The QCF Preparing to Teach in the Lifelong Learning Sector (PTLLS) qualification, sometimes referred to colloquially as "PETALS", is an initial teacher training qualification, studied at QCF Level 3 or 4, for those new to teaching, or wanting to start out as associate teachers, or currently teaching in the United Kingdom and requiring certification or qualification, or to become full teachers in Further Education (FE) or in the Lifelong Learning sector of education.

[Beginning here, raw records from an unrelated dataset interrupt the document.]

(* Let $(G,k,M^*,M)$ be a critical tuple. Then $G_M$ contains no target set, i.e., there is no set $\mathcal{C}$ of directed cycles of $G_M$, each with $w_M(C)\le 0$, such that (a) every $e\in E^+(C^+)$ is contained in some cycle of $\mathcal{C}$; (b) for every $C\in\mathcal{C}$, $C\cap C^+$ is a single path; (c) every $e\in E^-(G_M)$ is contained in at most two cycles of $\mathcal{C}$.
   Context: $R(H)$ is the set of red edges of an edge set $H$. For a perfect matching $M$ of a red/blue edge-colored bipartite graph $G=(A\sqcup B,E)$, $G_M$ is the directed graph on $A\sqcup B$ with edges of $M$ oriented from $A$ to $B$ and other edges from $B$ to $A$, weighted by $w_M(e)=0$ for blue $e$, $-1$ for red $e\in M$, $+1$ for red $e\notin M$; for a subgraph $H$, $E^+(H)$ (resp. $E^-(H)$) is the set of red edges of $H$ not in $M$ (resp. in $M$), and $w_M(H)=|E^+(H)|-|E^-(H)|$. Cycles are identified with edge sets. For an edge $e$, $M^e$ is a perfect matching containing $e$ with the minimum number of red edges among those containing $e$. A tuple $(G,k,M^*,M)$ ($G$ red/blue bipartite, $k\ge0$ integer, $M^*,M$ perfect matchings) is critical if: every edge of $G$ lies in some perfect matching; $|R(M^* )|=k$; $|R(M)|<\frac13k$; every directed cycle $C$ of $G_M$ with $w_M(C)>0$ has $|E^+(C)|>\frac23k$; and $|R(M^e)|<\frac13k$ for every red $e\in M^*\setminus M$. For a critical tuple, $C^+$ denotes the unique directed cycle of $G_M$ contained in $M\Delta M^*$ with $w_M(C^+)>0$. *)

theory Defs
  imports Complex_Main
begin

text \<open>A red/blue edge-coloured bipartite graph G = (A \<sqcup> B, E): A, B disjoint finite
vertex sets, edges are pairs (a,b) with a in A and b in B; Red is the set of red edges
(all other edges of E are blue).\<close>

definition bip_graph :: "'v set \<Rightarrow> 'v set \<Rightarrow> ('v \<times> 'v) set \<Rightarrow> ('v \<times> 'v) set \<Rightarrow> bool" where
  "bip_graph A B E Red \<longleftrightarrow> finite A \<and> finite B \<and> A \<inter> B = {} \<and> E \<subseteq> A \<times> B \<and> Red \<subseteq> E"

definition perfect_matching :: "'v set \<Rightarrow> 'v set \<Rightarrow> ('v \<times> 'v) set \<Rightarrow> ('v \<times> 'v) set \<Rightarrow> bool" where
  "perfect_matching A B E M \<longleftrightarrow> M \<subseteq> E \<and> (\<forall>a\<in>A. \<exists>!b. (a, b) \<in> M) \<and> (\<forall>b\<in>B. \<exists>!a. (a, b) \<in> M)"

text \<open>Arcs of the directed graph G_M: edges of M oriented A to B, other edges B to A.\<close>
definition arcM :: "('v \<times> 'v) set \<Rightarrow> ('v \<times> 'v) set \<Rightarrow> 'v \<Rightarrow> 'v \<Rightarrow> bool" where
  "arcM E M u v \<longleftrightarrow> (u, v) \<in> M \<or> ((v, u) \<in> E \<and> (v, u) \<notin> M)"

definition arc_edge :: "('v \<times> 'v) set \<Rightarrow> 'v \<Rightarrow> 'v \<Rightarrow> ('v \<times> 'v)" where
  "arc_edge M u v = (if (u, v) \<in> M then (u, v) else (v, u))"

text \<open>Directed cycles of G_M, identified with their edge sets.\<close>
definition dcycle :: "('v \<times> 'v) set \<Rightarrow> ('v \<times> 'v) set \<Rightarrow> ('v \<times> 'v) set \<Rightarrow> bool" where
  "dcycle E M C \<longleftrightarrow> (\<exists>vs. length vs \<ge> 2 \<and> distinct vs \<and>
     (\<forall>i < length vs. arcM E M (vs ! i) (vs ! ((i + 1) mod length vs))) \<and>
     C = {arc_edge M (vs ! i) (vs ! ((i + 1) mod length vs)) | i. i < length vs})"

definition dpath :: "('v \<times> 'v) set \<Rightarrow> ('v \<times> 'v) set \<Rightarrow> ('v \<times> 'v) set \<Rightarrow> bool" where
  "dpath E M P \<longleftrightarrow> (\<exists>vs. length vs \<ge> 2 \<and> distinct vs \<and>
     (\<forall>i < length vs - 1. arcM E M (vs ! i) (vs ! Suc i)) \<and>
     P = {arc_edge M (vs ! i) (vs ! Suc i) | i. i < length vs - 1})"

definition Eplus :: "('v \<times> 'v) set \<Rightarrow> ('v \<times> 'v) set \<Rightarrow> ('v \<times> 'v) set \<Rightarrow> ('v \<times> 'v) set" where
  "Eplus Red M H = (H \<inter> Red) - M"

definition Eminus :: "('v \<times> 'v) set \<Rightarrow> ('v \<times> 'v) set \<Rightarrow> ('v \<times> 'v) set \<Rightarrow> ('v \<times> 'v) set" where
  "Eminus Red M H = H \<inter> Red \<inter> M"

definition wM :: "('v \<times> 'v) set \<Rightarrow> ('v \<times> 'v) set \<Rightarrow> ('v \<times> 'v) set \<Rightarrow> int" where
  "wM Red M H = int (card (Eplus Red M H)) - int (card (Eminus Red M H))"

text \<open>|R(M^e)|: the minimum number of red edges of a perfect matching containing e.\<close>
definition min_red_pm :: "'v set \<Rightarrow> 'v set \<Rightarrow> ('v \<times> 'v) set \<Rightarrow> ('v \<times> 'v) set \<Rightarrow> ('v \<times> 'v) \<Rightarrow> nat" where
  "min_red_pm A B E Red e = (LEAST n. \<exists>M'. perfect_matching A B E M' \<and> e \<in> M' \<and> card (Red \<inter> M') = n)"

definition critical :: "'v set \<Rightarrow> 'v set \<Rightarrow> ('v \<times> 'v) set \<Rightarrow> ('v \<times> 'v) set \<Rightarrow> nat
    \<Rightarrow> ('v \<times> 'v) set \<Rightarrow> ('v \<times> 'v) set \<Rightarrow> bool" where
  "critical A B E Red k Mstar M \<longleftrightarrow>
     bip_graph A B E Red \<and> perfect_matching A B E Mstar \<and> perfect_matching A B E M \<and>
     (\<forall>e\<in>E. \<exists>M'. perfect_matching A B E M' \<and> e \<in> M') \<and>
     card (Red \<inter> Mstar) = k \<and>
     real (card (Red \<inter> M)) < real k / 3 \<and>
     (\<forall>C. dcycle E M C \<and> wM Red M C > 0 \<longrightarrow> real (card (Eplus Red M C)) > 2 * real k / 3) \<and>
     (\<forall>e \<in> (Red \<inter> Mstar) - M. real (min_red_pm A B E Red e) < real k / 3)"

text \<open>A target set (relative to the cycle Cp = C^+).\<close>
definition target_set :: "('v \<times> 'v) set \<Rightarrow> ('v \<times> 'v) set \<Rightarrow> ('v \<times> 'v) set \<Rightarrow> ('v \<times> 'v) set
    \<Rightarrow> ('v \<times> 'v) set set \<Rightarrow> bool" where
  "target_set E Red M Cp \<C> \<longleftrightarrow>
     (\<forall>C\<in>\<C>. dcycle E M C \<and> wM Red M C \<le> 0) \<and>
     (\<forall>e\<in>Eplus Red M Cp. \<exists>C\<in>\<C>. e \<in> C) \<and>
     (\<forall>C\<in>\<C>. dpath E M (C \<inter> Cp)) \<and>
     (\<forall>e\<in>Red \<inter> M. card {C\<in>\<C>. e \<in> C} \<le> 2)"

end

theory Submission
  imports Defs
begin

(* The positive red edges of the cycles of a target set cover E^+(C^+).
   Each of these cycles has nonpositive weight, so its positive red edges are paid for by its
   red edges in M, and every red edge of M is charged at most twice. Hence
   |E^+(C^+)| <= 2 |R(M)| < 2k/3, whereas criticality forces |E^+(C^+)| > 2k/3. *)

lemma card_le_by_bounded_multiplicity_cover:
  assumes "finite F" "finite S"
    and cover: "X \<subseteq> (\<Union>C\<in>F. P C)"
    and fin: "\<And>C. C \<in> F \<Longrightarrow> finite (P C)"
    and paid: "\<And>C. C \<in> F \<Longrightarrow> card (P C) \<le> card (C \<inter> S)"
    and mult: "\<And>e. e \<in> S \<Longrightarrow> card {C \<in> F. e \<in> C} \<le> m"
  shows "card X \<le> m * card S"
proof -
  have "card X \<le> card (\<Union>C\<in>F. P C)"
    using cover fin \<open>finite F\<close> by (intro card_mono) auto
  also have "\<dots> \<le> (\<Sum>C\<in>F. card (P C))"
    using \<open>finite F\<close> by (rule card_UN_le)
  also have "\<dots> \<le> (\<Sum>C\<in>F. card {e \<in> S. e \<in> C})"
    using paid by (intro sum_mono) (simp add: Int_def conj_commute)
  also have "\<dots> = (\<Sum>e\<in>S. card {C \<in> F. e \<in> C})"
    using assms(1,2) by (rule sum_multicount_gen) simp
  also have "\<dots> \<le> (\<Sum>e\<in>S. m)"
    using mult by (rule sum_mono)
  finally show ?thesis by (simp add: mult.commute)
qed

lemma dcycle_subset_edges:
  assumes "dcycle E M C" "M \<subseteq> E"
  shows "C \<subseteq> E"
proof
  fix x assume "x \<in> C"
  then obtain vs i where "arcM E M (vs ! i) (vs ! ((i + 1) mod length vs))"
    "x = arc_edge M (vs ! i) (vs ! ((i + 1) mod length vs))"
    using assms(1) unfolding dcycle_def by blast
  then show "x \<in> E"
    using assms(2) unfolding arcM_def arc_edge_def by (auto split: if_splits)
qed

lemma target_set_card_Eplus_le:
  assumes T: "target_set E Red M Cp \<C>" and "finite E" "M \<subseteq> E"
  shows "card (Eplus Red M Cp) \<le> 2 * card (Red \<inter> M)"
proof (rule card_le_by_bounded_multiplicity_cover[where P = "Eplus Red M"])
  have cyc: "\<And>C. C \<in> \<C> \<Longrightarrow> dcycle E M C \<and> wM Red M C \<le> 0"
    using T unfolding target_set_def by blast
  then have "\<C> \<subseteq> Pow E"
    using dcycle_subset_edges \<open>M \<subseteq> E\<close> by blast
  then show "finite \<C>"
    using \<open>finite E\<close> by (meson finite_Pow_iff finite_subset)
  show "finite (Red \<inter> M)"
    using \<open>finite E\<close> \<open>M \<subseteq> E\<close> by (meson finite_Int finite_subset)
  show "Eplus Red M Cp \<subseteq> (\<Union>C\<in>\<C>. Eplus Red M C)"
    using T unfolding target_set_def Eplus_def by blast
  show "finite (Eplus Red M C)" if "C \<in> \<C>" for C
    using \<open>\<C> \<subseteq> Pow E\<close> \<open>finite E\<close> that unfolding Eplus_def by (auto intro: finite_subset)
  show "card (Eplus Red M C) \<le> card (C \<inter> (Red \<inter> M))" if "C \<in> \<C>" for C
    using cyc[OF that] unfolding wM_def Eminus_def by (simp add: Int_assoc)
  show "card {C \<in> \<C>. e \<in> C} \<le> 2" if "e \<in> Red \<inter> M" for e
    using T that unfolding target_set_def by blast
qed

theorem lemma3:
  fixes A B :: "'v set" and E Red Mstar M Cp :: "('v \<times> 'v) set" and k :: nat
  assumes crit: "critical A B E Red k Mstar M"
    and Cp_cycle: "dcycle E M Cp"
    and Cp_sub: "Cp \<subseteq> (M - Mstar) \<union> (Mstar - M)"
    and Cp_pos: "wM Red M Cp > 0"
  shows "\<not> (\<exists>\<C>. target_set E Red M Cp \<C>)"
proof
  assume "\<exists>\<C>. target_set E Red M Cp \<C>"
  then obtain \<C> where T: "target_set E Red M Cp \<C>" ..
  have "bip_graph A B E Red" and "perfect_matching A B E M"
    using crit unfolding critical_def by auto
  then have "finite E" and "M \<subseteq> E"
    unfolding bip_graph_def perfect_matching_def by (auto intro: finite_subset)
  with T have "card (Eplus Red M Cp) \<le> 2 * card (Red \<inter> M)"
    by (rule target_set_card_Eplus_le)
  moreover have "real (card (Eplus Red M Cp)) > 2 * real k / 3"
    using crit Cp_cycle Cp_pos unfolding critical_def by blast
  moreover have "real (card (Red \<inter> M)) < real k / 3"
    using crit unfolding critical_def by blast
  ultimately show False by linarith
qed

end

The PTLLS is currently the lowest of the teaching qualifications specifically for this sector of education, with others being the QCF Level 3/4 Certificate in Teaching in the Lifelong Learning Sector (CTLLS) and the QCF Level 5 Diploma in Teaching in the Lifelong Learning Sector (DTLLS) qualifications. Following successful completion of the PTLLS and upon achieving the qualification, an associate teacher would then have to take the more advanced CTLLS for the Certificate and after that the DTLLS for the Diploma.

To achieve the certification, the learner/associate teacher/trainer does not have to be in a teaching role in order to be assessed, making it a very achievable certification and a suitable starting point for anyone wanting to become an educator. Assessment is in the form of a 'micro-teach' session and submission of assignments and portfolio of evidence. The Level 4 CTLLS, however, requires one to be in a teaching or training role in order to be assessed 'on-the-job', as well as through the submission of assignments and a portfolio of evidence.

The PTLLS is the first stage of a PGCE (Post Graduate Certificate in Education) in Lifelong learning and is currently required prior to achieving the CTLLS and DTLLS to gain Qualified Teacher Learning and Skills (QTLS) status. It is a requirement that all teachers obtain the PTLLS award, or the equivalent, to be able to continue to teach in the further education sector in the UK.

The PTLLS is in the process of being phased out along with the CTLLS and the DTLLS, and will eventually be replaced with the Award in Education and Training qualification at QCF Level 3, 4 and 5, respectively.